### ACTION ITEM
Beginning with the line below that contains "(* Differentiating under" and ending with the line that contains "across the phase", copy every line exactly. Copy nothing else.

::::::::

(* Consider the coupled vapour/liquid heat equations on fixed (transformed) domains \[ \beta_v\big((J_v T_v)_\tau + (a_v T_v)_\xi\big) = k_v\big(J_v^{-1} T_{v,\xi}\big)_\xi,\quad \xi\in\Omega_v=[\xi_0,\delta],\qquad \beta_l\big((J_l T_l)_\tau + (a_l T_l)_\eta\big) = k_l\big(J_l^{-1} T_{l,\eta}\big)_\eta,\quad \eta\in\Omega_l=[\delta,\eta_n], \] with the interface conditions imposed strongly, $T_v = T_l = T_\delta$ at the interface $\xi=\eta=\delta$, where the transformed wave speeds are $a_v = u_v - x_\tau$, $a_l = u_l - x_\tau$, the interface (mesh) velocity $\tilde u_\delta = x_\tau$ at the interface satisfies \[ \rho_v h_{lv}\,\tilde u_\delta = \big[k_l J_l^{-1} T_{l,\eta} - k_v J_v^{-1} T_{v,\xi}\big]_\delta , \] and the interface mass relation $(u_l)_\delta = \gamma (u_v)_\delta + (1-\gamma)\tilde u_\delta$, $\gamma=\rho_v/\rho_l$, holds, so that $(a_v)_\delta = (u_v)_\delta - \tilde u_\delta$ and $(a_l)_\delta = \gamma (a_v)_\delta$. Then, ignoring outer boundary contributions, this strong interface treatment is dissipative and energy bounded if $(a_v)_\delta<0$ and $\tilde u_\delta \ge 0$, and it is energy bounded otherwise.
   Context: Physical setting: a one-dimensional two-phase (vapour $v$, liquid $l$) evaporation problem with a moving evaporation interface $x_\delta(t)$, originally $\beta_v((T_v)_t + u_v (T_v)_x) = k_v (T_v)_{xx}$ on $[x_0,x_\delta]$ and $\beta_l((T_l)_t + u_l (T_l)_x) = k_l (T_l)_{xx}$ on $[x_\delta,x_n]$, with $T_v=T_l=T_\delta$ at $x_\delta(t)$. Here $T$ is temperature, $\rho$ density, $C_p$ specific heat at constant pressure, $k>0$ the scaled heat conduction coefficient, $\beta=\rho C_p>0$; the given evaporation temperature $T_\delta>0$ and latent heat $h_{lv}>0$ are external data; the velocities $u_v,u_l$ are positive. The problem is mapped to fixed domains by time-dependent coordinate transformations $x=x(\xi,\tau)$ (vapour), $x=x(\eta,\tau)$ (liquid), $t=\tau$, with Jacobians $J_v,J_l>0$ satisfying $J_v\xi_x=1$, $J_v\xi_t=-x_\tau$, $(J_v)_\tau+(J_v\xi_t)_\xi=0$ and analogously $J_l\eta_x=1$, $J_l\eta_t=-x_\tau$, $(J_l)_\tau+(J_l\eta_t)_\eta=0$. The paper asserts that $C_0=(\beta_l\gamma-\beta_v)T_\delta^2=\rho_v[(C_p)_l-(C_p)_v]T_\delta^2>0$ and $C_1=2T_\delta\rho_v h_{lv}>0$. The energy is $E(\tau)=\beta_v\int_{\xi_0}^{\delta}T_v^2J_v\,d\xi+\beta_l\int_\delta^{\eta_n}T_l^2J_l\,d\eta$; "energy bounded" means (with outer-boundary terms ignored) that $E$ at any time is bounded by its initial value plus the time integral of interface terms that are bounded in terms of the given data (using e.g. that $\int_0^t\tilde u_\delta\,d\tau = x_\delta(t)-x_\delta(0)$ is bounded by the domain size); "dissipative" means the interface terms in the energy rate $\frac{dE}{d\tau}+2k_v\int J_v^{-1}T_{v,\xi}^2d\xi+2k_l\int J_l^{-1}T_{l,\eta}^2d\eta$ are non-positive. *)

theory Defs
  imports "HOL-Analysis.Analysis"
begin

definition pdx :: "(real \<Rightarrow> real \<Rightarrow> real) \<Rightarrow> real \<Rightarrow> real \<Rightarrow> real" where
  "pdx f x t = deriv (\<lambda>s. f s t) x"

definition pdt :: "(real \<Rightarrow> real \<Rightarrow> real) \<Rightarrow> real \<Rightarrow> real \<Rightarrow> real" where
  "pdt f x t = deriv (\<lambda>s. f x s) t"

definition C1_plane :: "(real \<Rightarrow> real \<Rightarrow> real) \<Rightarrow> bool" where
  "C1_plane f \<longleftrightarrow>
     (\<forall>x t. (\<lambda>s. f s t) differentiable (at x) \<and> (\<lambda>s. f x s) differentiable (at t)) \<and>
     continuous_on UNIV (\<lambda>p. f (fst p) (snd p)) \<and>
     continuous_on UNIV (\<lambda>p. pdx f (fst p) (snd p)) \<and>
     continuous_on UNIV (\<lambda>p. pdt f (fst p) (snd p))"

definition C2_plane :: "(real \<Rightarrow> real \<Rightarrow> real) \<Rightarrow> bool" where
  "C2_plane f \<longleftrightarrow> C1_plane f \<and> C1_plane (pdx f) \<and> C1_plane (pdt f)"

end

theory Submission
  imports Defs
begin

(* Differentiating under the integral sign and using the transformed heat equation, the rate of
   change of \<beta> \<integral> T\<^sup>2 J in each phase is the jump of the energy flux 2 k T J\<^sup>-\<^sup>1 T_\<xi> - \<beta> a T\<^sup>2
   across the phase minus the dissipation 2 k \<integral> J\<^sup>-\<^sup>1 T_\<xi>\<^sup>2.  At the interface T = T_\<delta> on both
   sides, so the Stefan condition and the mass relation a_l = \<gamma> a_v turn the two interface fluxes
   into C0 a_v - C1 u_\<delta>, which is non-positive when a_v < 0 \<le> u_\<delta> because C0, C1 > 0.  In general
   a_v = u_v - u_\<delta> with u_\<delta> = d x_\<delta>/d\<tau>, so the interface term integrates in time to data. *)

lemma C1_plane_has_pdx: "C1_plane f \<Longrightarrow> ((\<lambda>s. f s t) has_real_derivative pdx f x t) (at x)"
  unfolding C1_plane_def pdx_def by (simp add: DERIV_deriv_iff_real_differentiable)

lemma C1_plane_has_pdt: "C1_plane f \<Longrightarrow> ((\<lambda>s. f x s) has_real_derivative pdt f x t) (at t)"
  unfolding C1_plane_def pdt_def by (simp add: DERIV_deriv_iff_real_differentiable)

lemma continuous_on_compose_plane:
  assumes "continuous_on UNIV (\<lambda>p. F (fst p) (snd p))" "continuous_on S g" "continuous_on S h"
  shows "continuous_on S (\<lambda>y. F (g y) (h y))"
  using continuous_on_compose2[OF assms(1) continuous_on_Pair[OF assms(2,3)]] by simp

lemma C1_plane_continuous_on:
  assumes "C1_plane f" "continuous_on S g" "continuous_on S h"
  shows "continuous_on S (\<lambda>y. f (g y) (h y))"
    and "continuous_on S (\<lambda>y. pdx f (g y) (h y))"
    and "continuous_on S (\<lambda>y. pdt f (g y) (h y))"
  using assms unfolding C1_plane_def by (auto intro: continuous_on_compose_plane)

lemma integral_eq_diff_of_has_real_derivative:
  assumes "a \<le> b" "\<And>x. x \<in> {a..b} \<Longrightarrow> (F has_real_derivative f x) (at x)"
  shows "integral {a..b} f = F b - F a"
proof (rule integral_unique, rule fundamental_theorem_of_calculus[OF assms(1)])
  show "(F has_vector_derivative f x) (at x within {a..b})" if "x \<in> {a..b}" for x
    using assms(2)[OF that]
    by (simp add: has_real_derivative_iff_has_vector_derivative[symmetric] has_field_derivative_at_within)
qed

lemma integral_nonneg_unconditional:
  fixes f :: "'a::euclidean_space \<Rightarrow> real"
  shows "(\<And>x. x \<in> S \<Longrightarrow> 0 \<le> f x) \<Longrightarrow> 0 \<le> integral S f"
  by (cases "f integrable_on S") (auto intro: integral_nonneg simp: not_integrable_integral)

lemma leibniz_rule_real_derivative:
  fixes f f' :: "real \<Rightarrow> real \<Rightarrow> real"
  assumes "\<And>s t. ((\<lambda>t. f s t) has_real_derivative f' s t) (at t)"
    and "\<And>t. continuous_on {a..b} (\<lambda>s. f s t)"
    and "continuous_on (UNIV \<times> {a..b}) (\<lambda>(t, s). f' s t)"
  shows "((\<lambda>t. integral {a..b} (\<lambda>s. f s t)) has_real_derivative integral {a..b} (\<lambda>s. f' s t)) (at t)"
proof -
  have "((\<lambda>t. integral (cbox a b) (\<lambda>s. f s t)) has_field_derivative integral (cbox a b) (\<lambda>s. f' s t))
          (at t within UNIV)"
    by (rule leibniz_rule_field_derivative)
       (use assms in \<open>auto simp: cbox_interval intro: integrable_continuous_interval\<close>)
  then show ?thesis by (simp add: cbox_interval)
qed

(* Both sides are the x-derivative of pdt f x t - pdt f a t: for the left one, write it as
   \<integral>\<^sub>a\<^sup>x pdt (pdx f) s t ds by differentiating \<integral>\<^sub>a\<^sup>x pdx f s t ds = f x t - f a t under the integral. *)
lemma pdt_pdx_commute:
  assumes "C2_plane f"
  shows "pdt (pdx f) x t = pdx (pdt f) x t"
proof -
  have f: "C1_plane f" and fx: "C1_plane (pdx f)" and ft: "C1_plane (pdt f)"
    using assms unfolding C2_plane_def by auto
  define a b where "a = x - 1" and "b = x + 1"
  have ab: "a < x" "x < b" by (auto simp: a_def b_def)
  have cont: "continuous_on {a..b} (\<lambda>s. pdt (pdx f) s t)"
    by (rule C1_plane_continuous_on(3)[OF fx]) (auto intro: continuous_intros)
  have primitive: "integral {a..y} (\<lambda>s. pdt (pdx f) s t) = pdt f y t - pdt f a t" if "a \<le> y" for y
  proof (rule DERIV_unique)
    have "integral {a..y} (\<lambda>s. pdx f s t') = f y t' - f a t'" for t'
      using that by (intro integral_eq_diff_of_has_real_derivative C1_plane_has_pdx[OF f])
    moreover have "((\<lambda>t. integral {a..y} (\<lambda>s. pdx f s t)) has_real_derivative
                     integral {a..y} (\<lambda>s. pdt (pdx f) s t)) (at t)"
      by (rule leibniz_rule_real_derivative[OF C1_plane_has_pdt[OF fx]])
         (auto simp: case_prod_unfold intro!: C1_plane_continuous_on[OF fx] continuous_intros)
    ultimately show "((\<lambda>t. f y t - f a t) has_real_derivative integral {a..y} (\<lambda>s. pdt (pdx f) s t)) (at t)"
      by simp
    show "((\<lambda>t. f y t - f a t) has_real_derivative pdt f y t - pdt f a t) (at t)"
      by (intro DERIV_diff C1_plane_has_pdt[OF f])
  qed
  have "((\<lambda>y. integral {a..y} (\<lambda>s. pdt (pdx f) s t)) has_real_derivative pdt (pdx f) x t) (at x)"
    using integral_has_real_derivative[OF cont, of x] ab by (simp add: at_within_Icc_at)
  then have "((\<lambda>y. pdt f y t - pdt f a t) has_real_derivative pdt (pdx f) x t) (at x)"
    by (rule has_field_derivative_transform_within_open[of _ _ _ "{a<..}"]) (use ab primitive in auto)
  moreover have "((\<lambda>y. pdt f y t - pdt f a t) has_real_derivative pdx (pdt f) x t) (at x)"
    using DERIV_diff[OF C1_plane_has_pdx[OF ft] DERIV_const] by simp
  ultimately show ?thesis by (rule DERIV_unique)
qed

::::::::

### WRITTEN ANSWER
(* Differentiating under the integral sign and using the transformed heat equation, the rate of
   change of \<beta> \<integral> T\<^sup>2 J in each phase is the jump of the energy flux 2 k T J\<^sup>-\<^sup>1 T_\<xi> - \<beta> a T\<^sup>2
   across the phase minus the dissipation 2 k \<integral> J\<^sup>-\<^sup>1 T_\<xi>\<^sup>2.  At the interface T = T_\<delta> on both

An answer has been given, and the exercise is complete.